Example (window size \(= 5\), \(m = 2\)):
Suppose a portion of the input is \([\ldots, 3, 4, \mathbf{100}, 4, 3, \ldots]\) where the bold value is a spike:
\[ \text{sort}(3, 4, 100, 4, 3) = (3, 3, \mathbf{4}, 4, 100) \Rightarrow y[n] = 4 \tag{2} \]The spike value \(100\) is completely eliminated, and the true signal value \(4\) is recovered.
Key Differences from Linear Filters
The Superposition Principle Does Not Hold
Linear filters compute outputs as weighted sums of inputs. Median filtering involves sorting, so the superposition principle fails:
\[ \text{median}(ax_1 + bx_2) \neq a\cdot\text{median}(x_1) + b\cdot\text{median}(x_2) \tag{3} \]This non-linearity is precisely what gives the median filter its unique advantage over linear filters for impulse noise.
Impulse Noise Robustness
Linear filters spread impulse noise across neighboring samples. The median filter confines the spike’s influence within the window and eliminates it through sorting.

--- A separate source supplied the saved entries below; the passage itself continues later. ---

(* Let $T>0$ and let $E,B:[0,T]\times\mathbb R^3\to\mathbb R^3$ satisfy $\sup_{t\in[0,T]}\|(E,B)(t)\|_{W^{1,\infty}(\mathbb R^3)}\le C_0$ with $C_0$ independent of $\mathfrak c$ and $\varepsilon$. For $(t,x,p)$ let $(X(\tau),P(\tau))=(X(\tau;t,x,p),P(\tau;t,x,p))$ solve $$\frac{dX}{d\tau}=\hat P(\tau),\qquad \frac{dP}{d\tau}=-E(\tau,X(\tau))-\frac{P(\tau)}{P^0(\tau)}\times B(\tau,X(\tau)),\qquad X(t)=x,\ P(t)=p.$$ Then there exists a small constant $\bar T\in[0,T]$, independent of $\mathfrak c$ and $\varepsilon$, such that for $0\le\tau\le t\le\bar T$, $$\frac{\mathfrak c^5}{2(p^0)^5}|t-\tau|^3\lesssim\Big|\det\Big(\frac{\partial X(\tau)}{\partial p}\Big)\Big|\lesssim\frac{2\mathfrak c^5}{(p^0)^5}|t-\tau|^3.$$
   Context: $\mathfrak c\ge1$ is the speed of light, $\varepsilon\in(0,1)$ a parameter; for $P\in\mathbb R^3$, $P^0=\sqrt{\mathfrak c^2+|P|^2}$ and $\hat P=\mathfrak cP/P^0$; $p^0=\sqrt{\mathfrak c^2+|p|^2}$. *)

theory Defs
  imports "HOL-Analysis.Analysis"
begin

definition pzero :: "real \<Rightarrow> real^3 \<Rightarrow> real" where
  "pzero c P = sqrt (c\<^sup>2 + (norm P)\<^sup>2)"

definition phat :: "real \<Rightarrow> real^3 \<Rightarrow> real^3" where
  "phat c P = (c / pzero c P) *\<^sub>R P"

definition W1inf_field ::
  "real \<Rightarrow> real \<Rightarrow> (real \<Rightarrow> real^3 \<Rightarrow> real^3) \<Rightarrow> (real \<Rightarrow> real^3 \<Rightarrow> real^3^3) \<Rightarrow> bool" where
  "W1inf_field T C0 F DF \<longleftrightarrow>
     continuous_on ({0..T} \<times> UNIV) (\<lambda>(t, x). F t x) \<and>
     continuous_on ({0..T} \<times> UNIV) (\<lambda>(t, x). DF t x) \<and>
     (\<forall>t\<in>{0..T}. \<forall>x. (F t has_derivative (\<lambda>h. DF t x *v h)) (at x)) \<and>
     (\<forall>t\<in>{0..T}. \<forall>x. norm (F t x) + norm (DF t x) \<le> C0)"
lemma dsum_proj_rhom:
  fixes R :: "'r ring"
  assumes R: "ring R" and A: "\<And>j. j \<in> I \<Longrightarrow> rmodule R (A j)" and i: "i \<in> I"
  shows "(\<lambda>x\<in>carrier (dsum R I A). x i) \<in> rhom R (dsum R I A) (A i)"
proof -
  interpret D: right_module R "dsum R I A"
    using rmodule_dsum[OF R A] by (simp add: right_module_def)
  show ?thesis
    unfolding rhom_def
  proof (intro CollectI conjI ballI)
    show "(\<lambda>x\<in>carrier (dsum R I A). x i) \<in> carrier (dsum R I A) \<rightarrow>\<^sub>E carrier (A i)"
      using i by (auto simp: dsum_carrier)
  next
    fix x y assume xy: "x \<in> carrier (dsum R I A)" "y \<in> carrier (dsum R I A)"
    then show "(\<lambda>x\<in>carrier (dsum R I A). x i) (x \<oplus>\<^bsub>dsum R I A\<^esub> y) =
        (\<lambda>x\<in>carrier (dsum R I A). x i) x \<oplus>\<^bsub>A i\<^esub> (\<lambda>x\<in>carrier (dsum R I A). x i) y"
      using i D.a_closed[OF xy] by (simp add: dsum_add)
  next
    fix r x assume rx: "r \<in> carrier R" "x \<in> carrier (dsum R I A)"
    then show "(\<lambda>x\<in>carrier (dsum R I A). x i) (smult (dsum R I A) r x) =
        smult (A i) r ((\<lambda>x\<in>carrier (dsum R I A). x i) x)"
      using i D.smult_closed[OF rx] by (simp add: dsum_smult)
  qed
qed

section \<open>Internal direct sums\<close>

context right_module
begin

definition internal_direct_sum :: "'a set \<Rightarrow> 'a set \<Rightarrow> 'a set \<Rightarrow> bool" where
  "internal_direct_sum B A C \<longleftrightarrow> rsubmodule R X A \<and> rsubmodule R X C \<and> A \<subseteq> B \<and> C \<subseteq> B \<and>
     A \<inter> C = {\<zero>} \<and> (\<forall>x\<in>B. \<exists>a\<in>A. \<exists>c\<in>C. x = a \<oplus> c)"

lemma internal_direct_sum_commute:
  assumes "internal_direct_sum B A C"
  shows "internal_direct_sum B C A"
proof -
  have "A \<subseteq> carrier X" "C \<subseteq> carrier X"
    using assms by (auto simp: internal_direct_sum_def rsubmodule_def)
  then have "\<exists>c\<in>C. \<exists>a\<in>A. x = c \<oplus> a" if "x \<in> B" for x
    using assms that unfolding internal_direct_sum_def by (metis a_comm subsetD)
  with assms show ?thesis by (auto simp: internal_direct_sum_def)
qed

lemma internal_direct_sum_add_mem:
  assumes "internal_direct_sum B A C" "rsubmodule R X B" "a \<in> A" "c \<in> C"
  shows "a \<oplus> c \<in> B"
proof -
  have "a \<in> B" "c \<in> B" using assms by (auto simp: internal_direct_sum_def)
  with assms(2) show ?thesis by (simp add: rsubmodule_def)
qed

lemma internal_direct_sum_unique:
  assumes BAC: "internal_direct_sum B A C" and "a \<in> A" "a' \<in> A" "c \<in> C" "c' \<in> C"
    and eq: "a \<oplus> c = a' \<oplus> c'"
  shows "a = a' \<and> c = c'"
proof -
  have A: "rsubmodule R X A" and C: "rsubmodule R X C" and AC: "A \<inter> C = {\<zero>}"
    using BAC by (auto simp: internal_direct_sum_def)
  have X: "a \<in> carrier X" "a' \<in> carrier X" "c \<in> carrier X" "c' \<in> carrier X"
    using assms A C by (auto simp: rsubmodule_def)
  have "a \<oplus> \<ominus> a' = (a \<oplus> c) \<oplus> (\<ominus> a' \<oplus> \<ominus> c)" using X by (simp add: a_ac r_neg)
  also have "\<dots> = (a' \<oplus> \<ominus> a') \<oplus> (c' \<oplus> \<ominus> c)" using X eq by (simp add: a_ac)
  also have "\<dots> = c' \<oplus> \<ominus> c" using X by (simp add: r_neg)
  finally have eq': "a \<oplus> \<ominus> a' = c' \<oplus> \<ominus> c" .
  moreover have "a \<oplus> \<ominus> a' \<in> A" "c' \<oplus> \<ominus> c \<in> C"
    using assms A C by (auto simp: rsubmodule_def)
  ultimately have "a \<oplus> \<ominus> a' = \<zero>" and "c' \<oplus> \<ominus> c = \<zero>" using AC by auto
  with X show ?thesis by (metis add.inv_equality add.inv_inv a_inv_closed a_comm)
qed

lemma internal_direct_sum_components:
  assumes BAC: "internal_direct_sum B A C" and B: "rsubmodule R X B"
  obtains \<pi>A \<pi>C where "\<And>b. b \<in> B \<Longrightarrow> \<pi>A b \<in> A \<and> \<pi>C b \<in> C \<and> b = \<pi>A b \<oplus> \<pi>C b"
    and "\<And>a c. a \<in> A \<Longrightarrow> c \<in> C \<Longrightarrow> \<pi>A (a \<oplus> c) = a \<and> \<pi>C (a \<oplus> c) = c"
proof -
  obtain \<pi>A \<pi>C where \<pi>: "\<forall>b\<in>B. \<pi>A b \<in> A \<and> \<pi>C b \<in> C \<and> b = \<pi>A b \<oplus> \<pi>C b"
    using BAC unfolding internal_direct_sum_def by metis
  moreover have "\<pi>A (a \<oplus> c) = a \<and> \<pi>C (a \<oplus> c) = c" if "a \<in> A" "c \<in> C" for a c
  proof -
    have "a \<oplus> c \<in> B" using internal_direct_sum_add_mem[OF BAC B that] .
    with \<pi> that show ?thesis by (metis internal_direct_sum_unique[OF BAC])
  qed
  ultimately show thesis using that by blast
qed

lemma internal_direct_sum_of_not_indecomposable:
  assumes B: "rsubmodule R X B" and nonzero: "B \<noteq> {\<zero>}"
    and decomposable: "\<not> indecomposable R (X\<lparr>carrier := B\<rparr>)"
  obtains A C where "internal_direct_sum B A C" "A \<subset> B" "C \<subset> B"
proof -
  obtain A C where A: "rsubmodule R (X\<lparr>carrier := B\<rparr>) A" and C: "rsubmodule R (X\<lparr>carrier := B\<rparr>) C"
    and AC: "A \<inter> C = {\<zero>}" and ABC: "\<forall>x\<in>B. \<exists>a\<in>A. \<exists>c\<in>C. x = a \<oplus> c"
    and A_nonzero: "A \<noteq> {\<zero>}" and C_nonzero: "C \<noteq> {\<zero>}"
    using nonzero decomposable unfolding indecomposable_def by auto
  have sum: "internal_direct_sum B A C"
    using A C AC ABC rsubmodule_of_restrict[OF B]
    by (auto simp: internal_direct_sum_def rsubmodule_def)
  then have "\<zero> \<in> A" "\<zero> \<in> C" by (auto simp: internal_direct_sum_def rsubmodule_def)
  with A_nonzero C_nonzero sum have "A \<subset> B" "C \<subset> B"
    by (auto simp: internal_direct_sum_def)
  with sum show thesis by (rule that)
qed
lemma nn_integral_Omega_step_bound:
  assumes [measurable]: "f \<in> borel_measurable Omega"
  shows "(\<integral>\<^sup>+\<omega>. ennreal (f \<omega> ^ (2 * Suc k)) + step_const k * ennreal (1 + f \<omega> ^ (2 * k)) \<partial>Omega)
    = (\<integral>\<^sup>+\<omega>. ennreal (f \<omega> ^ (2 * Suc k)) \<partial>Omega) + step_const k * (1 + \<integral>\<^sup>+\<omega>. ennreal (f \<omega> ^ (2 * k)) \<partial>Omega)"
proof -
  have "ennreal (1 + f \<omega> ^ (2 * k)) = 1 + ennreal (f \<omega> ^ (2 * k))" for \<omega>
    by (simp add: ennreal_plus zero_le_even_power)
  then have "(\<integral>\<^sup>+\<omega>. ennreal (f \<omega> ^ (2 * Suc k)) + step_const k * ennreal (1 + f \<omega> ^ (2 * k)) \<partial>Omega)
      = (\<integral>\<^sup>+\<omega>. ennreal (f \<omega> ^ (2 * Suc k)) + step_const k * (1 + ennreal (f \<omega> ^ (2 * k))) \<partial>Omega)"
    by simp
  also have "\<dots> = (\<integral>\<^sup>+\<omega>. ennreal (f \<omega> ^ (2 * Suc k)) \<partial>Omega) + step_const k * (\<integral>\<^sup>+\<omega>. 1 + ennreal (f \<omega> ^ (2 * k)) \<partial>Omega)"
  proof -
    have "(\<lambda>\<omega>. ennreal (f \<omega> ^ (2 * Suc k))) \<in> borel_measurable Omega"
      "(\<lambda>\<omega>. 1 + ennreal (f \<omega> ^ (2 * k))) \<in> borel_measurable Omega"
      by measurable
    then show ?thesis by (simp add: nn_integral_add nn_integral_cmult)
  qed
  also have "(\<integral>\<^sup>+\<omega>. 1 + ennreal (f \<omega> ^ (2 * k)) \<partial>Omega) = 1 + (\<integral>\<^sup>+\<omega>. ennreal (f \<omega> ^ (2 * k)) \<partial>Omega)"
    by (subst nn_integral_add) (simp_all add: Omega.emeasure_space_1)
  finally show ?thesis .
qed

lemma nn_integral_Dv_Cons_le:
  "(\<integral>\<^sup>+\<omega>. ennreal (Dv \<omega> (c # v) ^ (2 * Suc k)) \<partial>Omega) \<le>
    (\<integral>\<^sup>+\<omega>. ennreal (Dv \<omega> v ^ (2 * Suc k)) \<partial>Omega) + step_const k * (1 + \<integral>\<^sup>+\<omega>. ennreal (Dv \<omega> v ^ (2 * k)) \<partial>Omega)"
proof -
  define n where "n = 2 * Suc k"
  define F where "F \<omega> a d = ennreal ((Dv \<omega> v +
      (if d \<le> Pfun (Xv \<omega> v) (Yv \<omega> v) then neg_ln_split c a else - neg_ln_split c a)) ^ n)" for \<omega> a d
  have "(\<integral>\<^sup>+\<omega>. ennreal (Dv \<omega> (c # v) ^ n) \<partial>Omega) = (\<integral>\<^sup>+\<omega>. F \<omega> (\<omega> (v, True)) (\<omega> (v, False)) \<partial>Omega)"
    using AE_Omega_Ioo
    by (intro nn_integral_cong_AE, eventually_elim) (simp add: F_def Dv_Cons Usplit_def Udir_def)
  also have "\<dots> = (\<integral>\<^sup>+\<omega>. \<integral>\<^sup>+a. \<integral>\<^sup>+d. F \<omega> a d \<partial>Unif \<partial>Unif \<partial>Omega)"
  proof (rule nn_integral_Omega_two_coordinates)
    show "(\<lambda>p. F (fst (fst p)) (snd (fst p)) (snd p)) \<in> borel_measurable ((Omega \<Otimes>\<^sub>M Unif) \<Otimes>\<^sub>M Unif)"
      unfolding F_def by measurable
  qed (auto simp: F_def Dv_def Xv_def Yv_def BH_fun_upd)
  also have "\<dots> \<le> (\<integral>\<^sup>+\<omega>. ennreal (Dv \<omega> v ^ n) + step_const k * ennreal (1 + Dv \<omega> v ^ (2 * k)) \<partial>Omega)"
  proof (intro nn_integral_mono_AE, use AE_Omega_Ioo in eventually_elim)
    case (elim \<omega>)
    define z where "z = Dv \<omega> v"
    have sign: "(0 < z \<longrightarrow> Pfun (Xv \<omega> v) (Yv \<omega> v) \<le> 1/2) \<and> (z < 0 \<longrightarrow> 1/2 \<le> Pfun (Xv \<omega> v) (Yv \<omega> v))"
      using Xv_nonneg[OF elim] Yv_nonneg[OF elim] Pfun_le_half Pfun_ge_half by (auto simp: z_def Dv_def)
    have "(\<integral>\<^sup>+a. \<integral>\<^sup>+d. F \<omega> a d \<partial>Unif \<partial>Unif)
        \<le> (\<integral>\<^sup>+a. ennreal (((z + neg_ln_split c a) ^ n + (z - neg_ln_split c a) ^ n) / 2) \<partial>Unif)"
      using AE_Unif_neg_ln_split_pos[of c]
    proof (intro nn_integral_mono_AE, eventually_elim)
      case (elim a)
      show ?case unfolding F_def z_def[symmetric]
        by (rule nn_integral_Unif_biased_sign_le) (use elim sign in \<open>auto simp: n_def\<close>)
    qed
    also have "\<dots> \<le> (\<integral>\<^sup>+a. ennreal (z ^ n + 4 ^ Suc k * (1 + neg_ln_split c a) ^ n * (1 + z ^ (2 * k))) \<partial>Unif)"
      using AE_Unif_neg_ln_split_pos[of c] unfolding n_def
      by (intro nn_integral_mono_AE, elim eventually_mono, intro ennreal_leI even_power_symmetric_mean_le) simp
    also have "\<dots> = ennreal (z ^ n) + step_const k * ennreal (1 + z ^ (2 * k))"
      unfolding n_def by (rule nn_integral_Unif_step_bound)
    finally show ?case by (simp add: z_def)
  qed
  also have "\<dots> = (\<integral>\<^sup>+\<omega>. ennreal (Dv \<omega> v ^ n) \<partial>Omega) + step_const k * (1 + \<integral>\<^sup>+\<omega>. ennreal (Dv \<omega> v ^ (2 * k)) \<partial>Omega)"
    unfolding n_def by (rule nn_integral_Omega_step_bound) measurable
  finally show ?thesis unfolding n_def .
qed
(* Every $\mathcal{L}$-definable subset $A$ of $K^{n}$ with an accumulation point $a\in K^{n}$ has, after a permutation of the coordinates, an $\mathcal{L}$-definable $x_{1}$-fiber shrinking at $a$.
   Context: Standing assumptions: $K$ is a Henselian valued field of equicharacteristic zero whose valuation $v:K\to\Gamma\cup\{\infty\}$ has rank one ($\Gamma\subset(\mathbb{R},+)$), with the topology of its absolute value; $\mathcal{L}$ is the three-sorted Denef–Pas language (sorts $K$, $\Gamma$, $\Bbbk$; maps $v$ and an angular component map $\overline{ac}:K\to\Bbbk$, multiplicative, $\overline{ac}(0)=0$, equal to the residue map on units of the valuation ring); definable means definable with parameters. Definition: let $A\subset K^{n}$ be $\mathcal{L}$-definable with accumulation point $a=(a_{1},\ldots,a_{n})$, and let $E\subset K$ be $\mathcal{L}$-definable with accumulation point $a_{1}$. An $\mathcal{L}$-definable family $\Phi=\bigcup_{t\in E}\{t\}\times\Phi_{t}\subset A$ (with $\Phi_t\subset K^{n-1}$) is an $\mathcal{L}$-definable $x_{1}$-fiber shrinking for $A$ at $a$ if for every neighbourhood $U$ of $(a_{2},\ldots,a_{n})$ in $K^{n-1}$ there is a neighbourhood $V$ of $a_{1}$ in $K$ with $\emptyset\neq\Phi_{t}\subset U$ for every $t\in V\cap E$, $t\neq a_{1}$. (For $n=1$, $A$ itself is an $x_1$-fiber shrinking.) *)

theory Defs
  imports "HOL-Computational_Algebra.Polynomial" "HOL-Library.Extended_Real"
          "HOL-Combinatorics.Permutations"
begin

text \<open>The residue map res is defined on the valuation ring O = {x. v x >= 0}; it is a
  surjective ring homomorphism O -> 'r with kernel the maximal ideal {x. v x > 0},
  so 'r is (isomorphic to) the residue field.  ac is an angular component map.\<close>

definition valuation_ring :: "('k::field \<Rightarrow> ereal) \<Rightarrow> 'k set" where
  "valuation_ring v = {x. v x \<ge> 0}"

definition henselian_rank1_eq0_acfield ::
  "('k::field \<Rightarrow> ereal) \<Rightarrow> ('k \<Rightarrow> 'r::field_char_0) \<Rightarrow> ('k \<Rightarrow> 'r) \<Rightarrow> bool" where
  "henselian_rank1_eq0_acfield v res ac \<longleftrightarrow>
     \<comment> \<open>rank-one (real-valued) valuation\<close>
     (\<forall>x. v x = \<infinity> \<longleftrightarrow> x = 0) \<and>
     (\<forall>x. x \<noteq> 0 \<longrightarrow> v x \<noteq> -\<infinity> \<and> v x \<noteq> \<infinity>) \<and>
     (\<forall>x y. v (x * y) = v x + v y) \<and>
     (\<forall>x y. min (v x) (v y) \<le> v (x + y)) \<and>
     (\<exists>x. v x \<noteq> 0 \<and> v x \<noteq> \<infinity>) \<and>
     \<comment> \<open>residue map: surjective ring homomorphism O -> 'r with kernel the maximal ideal\<close>
     (\<forall>x\<in>valuation_ring v. \<forall>y\<in>valuation_ring v. res (x + y) = res x + res y) \<and>
     (\<forall>x\<in>valuation_ring v. \<forall>y\<in>valuation_ring v. res (x * y) = res x * res y) \<and>
     res 1 = 1 \<and>
     (\<forall>x\<in>valuation_ring v. res x = 0 \<longleftrightarrow> v x > 0) \<and>
     (\<forall>r. \<exists>x\<in>valuation_ring v. res x = r) \<and>
     \<comment> \<open>angular component map\<close>
     (\<forall>x y. ac (x * y) = ac x * ac y) \<and>
     ac 0 = 0 \<and>
     (\<forall>x. v x = 0 \<longrightarrow> ac x = res x) \<and>
     \<comment> \<open>Henselian (Hensel's lemma for simple roots)\<close>
     (\<forall>f a. (\<forall>i. coeff f i \<in> valuation_ring v) \<and> a \<in> valuation_ring v \<and>
            v (poly f a) > 0 \<and> v (poly (pderiv f) a) = 0 \<longrightarrow>
            (\<exists>b\<in>valuation_ring v. poly f b = 0 \<and> v (b - a) > 0))"

section \<open>The three-sorted Denef--Pas language\<close>

datatype 'k kterm = KVar nat | KConst 'k | KAdd "'k kterm" "'k kterm"
  | KMul "'k kterm" "'k kterm" | KNeg "'k kterm"

datatype 'k gterm = GVar nat | GVal "'k kterm" | GAdd "'k gterm" "'k gterm"

datatype 'k rterm = RVar nat | RAc "'k kterm" | RAdd "'k rterm" "'k rterm"
  | RMul "'k rterm" "'k rterm" | RNeg "'k rterm"

datatype 'k fm = FKEq "'k kterm" "'k kterm" | FGLe "'k gterm" "'k gterm"
  | FREq "'k rterm" "'k rterm" | FNot "'k fm" | FAnd "'k fm" "'k fm"
  | FExK nat "'k fm" | FExG nat "'k fm" | FExR nat "'k fm"

primrec keval :: "(nat \<Rightarrow> 'k::field) \<Rightarrow> 'k kterm \<Rightarrow> 'k" where
  "keval \<rho> (KVar i) = \<rho> i"
| "keval \<rho> (KConst c) = c"
| "keval \<rho> (KAdd s t) = keval \<rho> s + keval \<rho> t"
| "keval \<rho> (KMul s t) = keval \<rho> s * keval \<rho> t"
| "keval \<rho> (KNeg s) = - keval \<rho> s"

primrec geval :: "('k::field \<Rightarrow> ereal) \<Rightarrow> (nat \<Rightarrow> 'k) \<Rightarrow> (nat \<Rightarrow> ereal) \<Rightarrow> 'k gterm \<Rightarrow> ereal" where
  "geval v \<rho> \<gamma> (GVar i) = \<gamma> i"
| "geval v \<rho> \<gamma> (GVal t) = v (keval \<rho> t)"
| "geval v \<rho> \<gamma> (GAdd s t) = geval v \<rho> \<gamma> s + geval v \<rho> \<gamma> t"

primrec reval :: "('k::field \<Rightarrow> 'r::field) \<Rightarrow> (nat \<Rightarrow> 'k) \<Rightarrow> (nat \<Rightarrow> 'r) \<Rightarrow> 'k rterm \<Rightarrow> 'r" where
  "reval ac \<rho> \<xi> (RVar i) = \<xi> i"
| "reval ac \<rho> \<xi> (RAc t) = ac (keval \<rho> t)"
| "reval ac \<rho> \<xi> (RAdd s t) = reval ac \<rho> \<xi> s + reval ac \<rho> \<xi> t"
| "reval ac \<rho> \<xi> (RMul s t) = reval ac \<rho> \<xi> s * reval ac \<rho> \<xi> t"
| "reval ac \<rho> \<xi> (RNeg s) = - reval ac \<rho> \<xi> s"

text \<open>The value-group sort is interpreted as the set of values v(K) (i.e. Gamma with infinity).\<close>
primrec sat :: "('k::field \<Rightarrow> ereal) \<Rightarrow> ('k \<Rightarrow> 'r::field) \<Rightarrow>
    (nat \<Rightarrow> 'k) \<Rightarrow> (nat \<Rightarrow> ereal) \<Rightarrow> (nat \<Rightarrow> 'r) \<Rightarrow> 'k fm \<Rightarrow> bool" where
  "sat v ac \<rho> \<gamma> \<xi> (FKEq s t) = (keval \<rho> s = keval \<rho> t)"
| "sat v ac \<rho> \<gamma> \<xi> (FGLe s t) = (geval v \<rho> \<gamma> s \<le> geval v \<rho> \<gamma> t)"
| "sat v ac \<rho> \<gamma> \<xi> (FREq s t) = (reval ac \<rho> \<xi> s = reval ac \<rho> \<xi> t)"
| "sat v ac \<rho> \<gamma> \<xi> (FNot \<phi>) = (\<not> sat v ac \<rho> \<gamma> \<xi> \<phi>)"
| "sat v ac \<rho> \<gamma> \<xi> (FAnd \<phi> \<psi>) = (sat v ac \<rho> \<gamma> \<xi> \<phi> \<and> sat v ac \<rho> \<gamma> \<xi> \<psi>)"
| "sat v ac \<rho> \<gamma> \<xi> (FExK i \<phi>) = (\<exists>x. sat v ac (\<rho>(i := x)) \<gamma> \<xi> \<phi>)"
| "sat v ac \<rho> \<gamma> \<xi> (FExG i \<phi>) = (\<exists>g\<in>range v. sat v ac \<rho> (\<gamma>(i := g)) \<xi> \<phi>)"
| "sat v ac \<rho> \<gamma> \<xi> (FExR i \<phi>) = (\<exists>r. sat v ac \<rho> \<gamma> (\<xi>(i := r)) \<phi>)"

text \<open>Points of K^n are lists of length n.  A set S of such points is L-definable (with
  parameters, which enter as constants KConst) if it is defined by a formula whose
  K-variables 0..n-1 are the coordinates; remaining free variables are assigned fixed
  values (0), which only amounts to further parameters.\<close>
definition definable :: "('k::field \<Rightarrow> ereal) \<Rightarrow> ('k \<Rightarrow> 'r::field) \<Rightarrow> nat \<Rightarrow> 'k list set \<Rightarrow> bool" where
  "definable v ac n S \<longleftrightarrow>
     (\<exists>\<phi>. S = {xs. length xs = n \<and>
                  sat v ac (\<lambda>i. if i < n then xs ! i else 0) (\<lambda>_. 0) (\<lambda>_. 0) \<phi>})"

definition definable1 :: "('k::field \<Rightarrow> ereal) \<Rightarrow> ('k \<Rightarrow> 'r::field) \<Rightarrow> 'k set \<Rightarrow> bool" where
  "definable1 v ac E \<longleftrightarrow> definable v ac 1 ((\<lambda>t. [t]) ` E)"

definition nbhd :: "('k::field \<Rightarrow> ereal) \<Rightarrow> nat \<Rightarrow> 'k list \<Rightarrow> 'k list set \<Rightarrow> bool" where
  "nbhd v n a U \<longleftrightarrow>
     (\<exists>\<gamma>::real. {x. length x = n \<and> (\<forall>i<n. v (x ! i - a ! i) > ereal \<gamma>)} \<subseteq> U)"

definition nbhd1 :: "('k::field \<Rightarrow> ereal) \<Rightarrow> 'k \<Rightarrow> 'k set \<Rightarrow> bool" where
  "nbhd1 v a V \<longleftrightarrow> (\<exists>\<gamma>::real. {x. v (x - a) > ereal \<gamma>} \<subseteq> V)"

definition acc_point :: "('k::field \<Rightarrow> ereal) \<Rightarrow> nat \<Rightarrow> 'k list set \<Rightarrow> 'k list \<Rightarrow> bool" where
  "acc_point v n A a \<longleftrightarrow> length a = n \<and>
     (\<forall>U. nbhd v n a U \<longrightarrow> (\<exists>x\<in>A. x \<noteq> a \<and> x \<in> U))"

definition acc_point1 :: "('k::field \<Rightarrow> ereal) \<Rightarrow> 'k set \<Rightarrow> 'k \<Rightarrow> bool" where
  "acc_point1 v E a \<longleftrightarrow> (\<forall>V. nbhd1 v a V \<longrightarrow> (\<exists>t\<in>E. t \<noteq> a \<and> t \<in> V))"

definition fiber :: "'k list set \<Rightarrow> 'k \<Rightarrow> 'k list set" where
  "fiber \<Phi> t = {y. t # y \<in> \<Phi>}"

| Filter | Gaussian Noise Removal | Impulse Noise Removal | Edge Preservation |
|---|---|---|---|
| Moving Average | Good | Poor (spreads) | Low |
| EMA | Good (weighted) | Poor (spreads) | Low |
| Savitzky-Golay | Good | Poor | High |
| Median | Moderate | Excellent | High |
Python Implementation
Manual Implementation
import numpy as np
def median_filter_manual(x: np.ndarray, window_size: int) -> np.ndarray:
"""Median filter with reflect padding at edges."""
assert window_size % 2 == 1, "window_size must be odd"
m = window_size // 2
n = len(x)
y = np.empty(n)
x_padded = np.pad(x, m, mode="reflect")
for i in range(n):
window = x_padded[i : i + window_size]
y[i] = np.median(window)
return y
Using scipy.signal.medfilt
In practice, scipy.signal.medfilt is the preferred choice:
import numpy as np
import matplotlib.pyplot as plt
from scipy import signal
# --- Signal generation ---
np.random.seed(42)
t = np.linspace(0, 1, 500)
x_clean = np.sin(2 * np.pi * 5 * t)
noise_gaussian = 0.2 * np.random.randn(len(t))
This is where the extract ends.